Final answer:
To find P(0 < x < 4) given a continuous probability density function f(x)=4x^3 defined from 0 to 2, we actually look at the entire probability of the defined range, which is 1. Due to possible typos in the question, we've assumed the function's upper bound is 2 as beyond that the probability is 0, and the integral from 0 to 2 for a valid probability density function is 1.
Step-by-step explanation:
To answer the student's question: Given the probability density function f(x)=4x3 over the interval 0 ≤ x ≤ 2, what is P(0 < x < 4)? We need to first recognize that the function provided cannot be the correct probability density function over the interval 0 ≤ x ≤ 4 as it was initially stated for the interval 0 ≤ x ≤ 2. This appears to be a typographical error in the question. Assuming the student meant the interval from 0 to 2, we will approach the question accordingly.

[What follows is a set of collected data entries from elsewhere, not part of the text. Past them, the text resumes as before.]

lemma is_uB_Ik_not_pair:
  assumes B: "B \<in> PM M" and k: "1 \<le> k" "k \<le> M"
    and u: "is_uB (M + 2) (Ik k B) (\<lambda>j. iota k (i j)) u"
  shows "u \<notin> {k, Suc k}"
proof -
  have C: "\<forall>P\<in>B1 B. finite P \<and> P \<noteq> {}" using B1_finite_nonempty[OF B] .
  let ?a = "iota k (i 1)" and ?b = "iota k (i (2 * card (B0 B)))"
  from u consider
      "u \<in> {1 .. ?a - 1}" "cov0 (Ik k (B1 B)) {1 .. u - 1}" "cov0 (Ik k (B1 B)) {u + 1 .. ?a - 1}"
    | "u \<in> {?b + 1 .. M + 2 - 1}" "cov0 (Ik k (B1 B)) {?b + 1 .. u - 1}"
      "cov0 (Ik k (B1 B)) {u + 1 .. M + 2 - 1}"
    unfolding is_uB_def Let_def card_B0_Ik[OF B] B1_Ik[OF B] by blast
  then show ?thesis
  proof cases
    case 1
    have "k \<in> {1 .. ?a - 1} \<longleftrightarrow> Suc k \<in> {1 .. ?a - 1}"
      using pair_mem_interval_iff[of k 0 "i 1"] k by simp
    from split_point_not_pair[OF C 1(2,3,1) this] show ?thesis .
  next
    case 2
    have "k \<in> {?b + 1 .. M + 2 - 1} \<longleftrightarrow> Suc k \<in> {?b + 1 .. M + 2 - 1}"
      using pair_mem_interval_iff[of k "i (2 * card (B0 B))" M] k by (simp add: iota_def)
    from split_point_not_pair[OF C 2(2,3,1) this] show ?thesis .
  qed
qed

lemma ex_even_is_uB_Ik_iff:
  assumes B: "B \<in> PM M" and k: "1 \<le> k" "k \<le> M"
  shows "(\<exists>u. is_uB (M + 2) (Ik k B) (\<lambda>j. iota k (i j)) u \<and> even u) \<longleftrightarrow>
    (\<exists>u. is_uB M B i u \<and> even u)"
proof
  assume "\<exists>u. is_uB (M + 2) (Ik k B) (\<lambda>j. iota k (i j)) u \<and> even u"
  then obtain u where u: "is_uB (M + 2) (Ik k B) (\<lambda>j. iota k (i j)) u" "even u" by blast
  then obtain u' where "u = iota k u'"
    using is_uB_Ik_not_pair[OF B k] range_iota by blast
  then show "\<exists>u. is_uB M B i u \<and> even u" using u is_uB_Ik_iff[OF B k] by auto
next
  assume "\<exists>u. is_uB M B i u \<and> even u"
  then obtain u where "is_uB M B i u" "even u" by blast
  then show "\<exists>u. is_uB (M + 2) (Ik k B) (\<lambda>j. iota k (i j)) u \<and> even u"
    using is_uB_Ik_iff[OF B k, of i u] by (intro exI[of _ "iota k u"]) simp
qed

lemma top_notin_supp_Ik_iff:
  assumes "k \<le> M"
  shows "M + 2 \<notin> supp (Ik k B) \<longleftrightarrow> M \<notin> supp B"
proof -
  have "M + 2 = iota k M" using assms by (simp add: iota_def)
  then show ?thesis unfolding supp_Ik by (simp add: inj_image_mem_iff[OF inj_iota])
qed

lemma below_top_notin_supp_Ik_iff:
  assumes "1 \<le> k" "k \<le> M"
  shows "M + 2 - 1 \<notin> supp (Ik k B) \<longleftrightarrow> M - 1 \<notin> supp B \<and> k < M"
proof (cases "k = M")
  case False
  then have "M + 2 - 1 = iota k (M - 1)" using assms by (simp add: iota_def)
  then show ?thesis
    using False assms by (simp add: supp_Ik inj_image_mem_iff[OF inj_iota])
qed (simp add: supp_Ik)

lemma ends_covered_cong:
  "1 \<le> s \<Longrightarrow> \<forall>j\<in>{1..2 * s}. i j = i' j \<Longrightarrow> ends_covered M B s i \<longleftrightarrow> ends_covered M B s i'"
  by (simp add: ends_covered_def)

lemma is_uB_cong:
  "1 \<le> card (B0 B) \<Longrightarrow> \<forall>j\<in>{1..2 * card (B0 B)}. i j = i' j \<Longrightarrow> is_uB M B i u \<longleftrightarrow> is_uB M B i' u"
  by (simp add: is_uB_def)

text \<open>The side condition: for \<open>B\<^sup>0 = {}\<close> the pair inserted at \<open>k = M\<close> occupies \<open>M + 1\<close>.\<close>
lemma Ik_in_Xprime_iff:
  assumes B: "B \<in> PM M" and k: "1 \<le> k" "k \<le> M"
  shows "Ik k B \<in> Xprime (M + 2) \<longleftrightarrow> B \<in> Xprime M \<and> (card (B0 B) = 0 \<longrightarrow> k < M)"
proof -
  define s where "s = card (B0 B)"
  have card: "card (B0 (Ik k B)) = s" using card_B0_Ik[OF B] by (simp add: s_def)
  have seq: "(\<exists>i. seq_ok (M + 2) (Ik k B) s i) \<longleftrightarrow> (\<exists>i. seq_ok M B s i)"
    using ex_seq_ok_Ik_iff[OF B, of s "\<lambda>_. True" k] by simp
  have ends: "(\<exists>i. seq_ok (M + 2) (Ik k B) s i \<and> ends_covered (M + 2) (Ik k B) s i) \<longleftrightarrow>
      (\<exists>i. seq_ok M B s i \<and> ends_covered M B s i)" if "1 \<le> s"
    using ex_seq_ok_Ik_iff[OF B, of s "ends_covered (M + 2) (Ik k B) s" k]
      ends_covered_cong[OF that] ends_covered_Ik_iff[OF B k]
    by simp
  have uB: "(\<exists>i u. seq_ok (M + 2) (Ik k B) s i \<and> is_uB (M + 2) (Ik k B) i u \<and> even u) \<longleftrightarrow>
      (\<exists>i u. seq_ok M B s i \<and> is_uB M B i u \<and> even u)" if "1 \<le> s"
  proof -
    have "(\<exists>u. is_uB (M + 2) (Ik k B) i u \<and> even u) \<longleftrightarrow> (\<exists>u. is_uB (M + 2) (Ik k B) i' u \<and> even u)"
      if "\<forall>j\<in>{1..2 * s}. i j = i' j" for i i'
      using is_uB_cong[of "Ik k B" i i'] card \<open>1 \<le> s\<close> that by simp
    then have "(\<exists>i. seq_ok (M + 2) (Ik k B) s i \<and> (\<exists>u. is_uB (M + 2) (Ik k B) i u \<and> even u)) \<longleftrightarrow>
        (\<exists>i. seq_ok M B s i \<and> (\<exists>u. is_uB (M + 2) (Ik k B) (\<lambda>j. iota k (i j)) u \<and> even u))"
      by (rule ex_seq_ok_Ik_iff[OF B])
    then show ?thesis using ex_even_is_uB_Ik_iff[OF B k] by simp
  qed
  show ?thesis
    unfolding Xprime_iff card s_def[symmetric]
    using Ik_in_PM[OF B k(1)] k inner_covered_Ik_iff[OF B] seq ends uB
      top_notin_supp_Ik_iff[OF k(2)] below_top_notin_supp_Ik_iff[OF k] B
    by auto
qed

section \<open>Pair sets without adjacent pairs\<close>

lemma cov0_no_pairs [simp]: "cov0 {} X \<longleftrightarrow> X = {}"
  by (auto simp: cov0_def)

lemma cov1_no_pairs [simp]: "cov1 {} X \<longleftrightarrow> (\<exists>u. X = {u})"
  by (auto simp: cov1_iff_cov0_Diff)

definition rainbow :: "nat \<Rightarrow> nat \<Rightarrow> nat set set" where
  "rainbow N s = (\<lambda>j. {N - 1 - j, j}) ` {1..s}"

lemma rainbow_eq_Setcompr: "{{N - 1 - j, j} | j. j \<in> {1..s}} = rainbow N s"
  unfolding rainbow_def by (rule Setcompr_eq_image)

lemma mem_PrP_iff:
  assumes "odd N"
  shows "B \<in> PrP N \<longleftrightarrow> B = {} \<or> (\<exists>s. odd s \<and> 2 * s + 2 \<le> N \<and> B = rainbow N s)"
proof -
  obtain m where N: "N = 2 * m + 1" using assms oddE by blast
  have "(\<exists>\<tau>. B = {{N - 1 - j, j} | j. j \<in> {1..\<tau> - 1}} \<and> even \<tau> \<and> \<tau> \<in> {2..(N - 1) div 2}) \<longleftrightarrow>
      (\<exists>s. odd s \<and> 2 * s + 2 \<le> N \<and> B = rainbow N s)"
  proof
    assume "\<exists>\<tau>. B = {{N - 1 - j, j} | j. j \<in> {1..\<tau> - 1}} \<and> even \<tau> \<and> \<tau> \<in> {2..(N - 1) div 2}"
    then obtain \<tau> where "B = rainbow N (\<tau> - 1)" "even \<tau>" "\<tau> \<in> {2..(N - 1) div 2}"
      unfolding rainbow_eq_Setcompr by blast
    then show "\<exists>s. odd s \<and> 2 * s + 2 \<le> N \<and> B = rainbow N s"
      using N by (intro exI[of _ "\<tau> - 1"]) auto
  next
    assume "\<exists>s. odd s \<and> 2 * s + 2 \<le> N \<and> B = rainbow N s"
    then obtain s where "odd s" "2 * s + 2 \<le> N" "B = rainbow N s" by blast
    then show "\<exists>\<tau>. B = {{N - 1 - j, j} | j. j \<in> {1..\<tau> - 1}} \<and> even \<tau> \<and> \<tau> \<in> {2..(N - 1) div 2}"
      unfolding rainbow_eq_Setcompr using N by (intro exI[of _ "s + 1"]) (auto elim: oddE)
  qed
  then show ?thesis by (simp add: PrP_def)
qed

lemma rainbow_in_PM:
  assumes "2 * s + 2 \<le> N"
  shows "rainbow N s \<in> PM N"
  unfolding PM_def rainbow_def
proof (intro CollectI conjI ballI impI)
  fix X assume "X \<in> (\<lambda>j. {N - 1 - j, j}) ` {1..s}"
  then show "X \<subseteq> {1..N}" "card X = 2" using assms by auto
next
  fix X Y assume "X \<in> (\<lambda>j. {N - 1 - j, j}) ` {1..s}" "Y \<in> (\<lambda>j. {N - 1 - j, j}) ` {1..s}" "X \<noteq> Y"
  then show "X \<inter> Y = {}" using assms by auto
qed simp

lemma rainbow_B0_B1:
  assumes "odd N" "2 * s + 2 \<le> N"
  shows "B0 (rainbow N s) = rainbow N s" "B1 (rainbow N s) = {}"
proof -
  have "even (Max X - Min X)" if "X \<in> rainbow N s" for X
    using that assms by (auto simp: rainbow_def)
  then show "B0 (rainbow N s) = rainbow N s" "B1 (rainbow N s) = {}"
    by (auto simp: B0_def B1_def)
qed

lemma card_rainbow: "2 * s + 2 \<le> N \<Longrightarrow> card (rainbow N s) = s"
  unfolding rainbow_def by (subst card_image) (auto simp: inj_on_def doubleton_eq_iff)

lemma seq_ok_rainbow:
  assumes "odd N" "2 * s + 2 \<le> N"
  shows "seq_ok N (rainbow N s) s (\<lambda>j. if j \<le> s then j else N - 2 - 2 * s + j)"
  unfolding seq_ok_def rainbow_B0_B1[OF assms] card_rainbow[OF assms(2)]
proof (intro conjI)
  let ?i = "\<lambda>j. if j \<le> s then j else N - 2 - 2 * s + j"
  show "rainbow N s = {{?i (2 * s + 1 - j), ?i j} | j. j \<in> {1..s}}"
    unfolding rainbow_eq_Setcompr[symmetric] using assms(2)
    by (intro Collect_cong ex_cong1) auto
qed (use assms(2) in \<open>auto simp: strict_mono_on_def\<close>)

lemma rainbow_in_Xprime:
  assumes "odd N" "odd s" "2 * s + 2 \<le> N"
  shows "rainbow N s \<in> Xprime N"
proof -
  let ?B = "rainbow N s" and ?i = "\<lambda>j. if j \<le> s then j else N - 2 - 2 * s + j"
  have s: "1 \<le> s" using assms(2) by (cases s) auto
  note B0 = rainbow_B0_B1[OF assms(1,3)] and card = card_rainbow[OF assms(3)]
  note seq = seq_ok_rainbow[OF assms(1,3)]
  have "ends_covered N ?B s ?i"
    using s assms(3) by (simp add: ends_covered_def B0)
  moreover have "\<exists>i u. seq_ok N ?B s i \<and> is_uB N ?B i u \<and> even u"
  proof (intro exI conjI)
    show "is_uB N ?B ?i (N - 1)" using s assms(3) by (auto simp: is_uB_def B0 card)
  qed (use seq assms(1) in auto)
  moreover have "inner_covered ?B" by (simp add: inner_covered_def B0)
  moreover have "N \<notin> supp ?B" using assms(3) by (auto simp: supp_def rainbow_def)
  ultimately show ?thesis
    unfolding Xprime_iff B0 card using rainbow_in_PM[OF assms(3)] seq assms s by blast
qed

lemma cov0_mem_ivl:
  assumes "cov0 C X" "x \<in> X"
  shows "\<exists>P\<in>C. x \<in> ivl P \<and> ivl P \<subseteq> X"
  using assms unfolding cov0_def by blast

text \<open>A pair of \<open>B\<^sup>1\<close> of minimal length must be adjacent: its interior is covered by shorter pairs.\<close>
lemma B1_empty_if_no_adjacent_pair:
  assumes B: "B \<in> PM M" and inner: "inner_covered B" and no_adj: "\<forall>k. {k, Suc k} \<notin> B"
  shows "B1 B = {}"
proof (rule ccontr)
  assume "B1 B \<noteq> {}"
  then obtain X where X: "X \<in> B1 B" and least: "\<And>Y. Y \<in> B1 B \<Longrightarrow> Max X - Min X \<le> Max Y - Min Y"
    using ex_has_least_nat[of "\<lambda>X. X \<in> B1 B" _ "\<lambda>X. Max X - Min X"] by blast
  have "X \<in> B" using X by (simp add: B1_def)
  then obtain a b where ab: "X = {a, b}" "a < b"
    using PM_memD(4)[OF B] by (auto simp: card_2_iff) (metis insert_commute linorder_neqE_nat)
  then have "b \<noteq> Suc a" using no_adj \<open>X \<in> B\<close> by blast
  then have "a + 1 \<in> {Min X + 1 .. Max X - 1}" using ab by auto
  moreover have "cov0 (B1 B) {Min X + 1 .. Max X - 1}" using inner X by (simp add: inner_covered_def)
  ultimately obtain P where P: "P \<in> B1 B" "ivl P \<subseteq> {Min X + 1 .. Max X - 1}"
    using cov0_mem_ivl by blast
  have "finite P" "P \<noteq> {}" using P(1) B1_finite_nonempty[OF B] by auto
  then have "Min P \<in> ivl P" "Max P \<in> ivl P" by (auto simp: ivl_def)
  then have "Min P \<in> {a + 1 .. b - 1}" "Max P \<in> {a + 1 .. b - 1}" using P(2) ab by auto
  then have "Max P - Min P < Max X - Min X" using ab by auto
  with least[OF P(1)] show False by simp
qed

To find the probability that x is between 0 and 4, given a continuous probability distribution, we need to calculate the area under the probability density function from 0 to 4. However, since our function is defined only up to 2, and the values for a probability density function must be between 0 and 1, we face two issues. First, the probabilities for values beyond the defined range (2 to 4 in this case) are 0. Second, the area under the curve of a probability density function from 0 to its upper bound (in this case, 2) is 1.
Therefore, the correct approach to find the probability for the range 0 < x < 4 when the function is only defined up to x = 2 is to realize that P(0 < x < 4) is equivalent to the total probability of the defined interval, which is P(0 < x ≤ 2), and hence it equals 1. So, if the provided interval was indeed from 0 to 4, the probability sought (P(0 < x < 4)) would be 1 as the entire range of the function is being considered.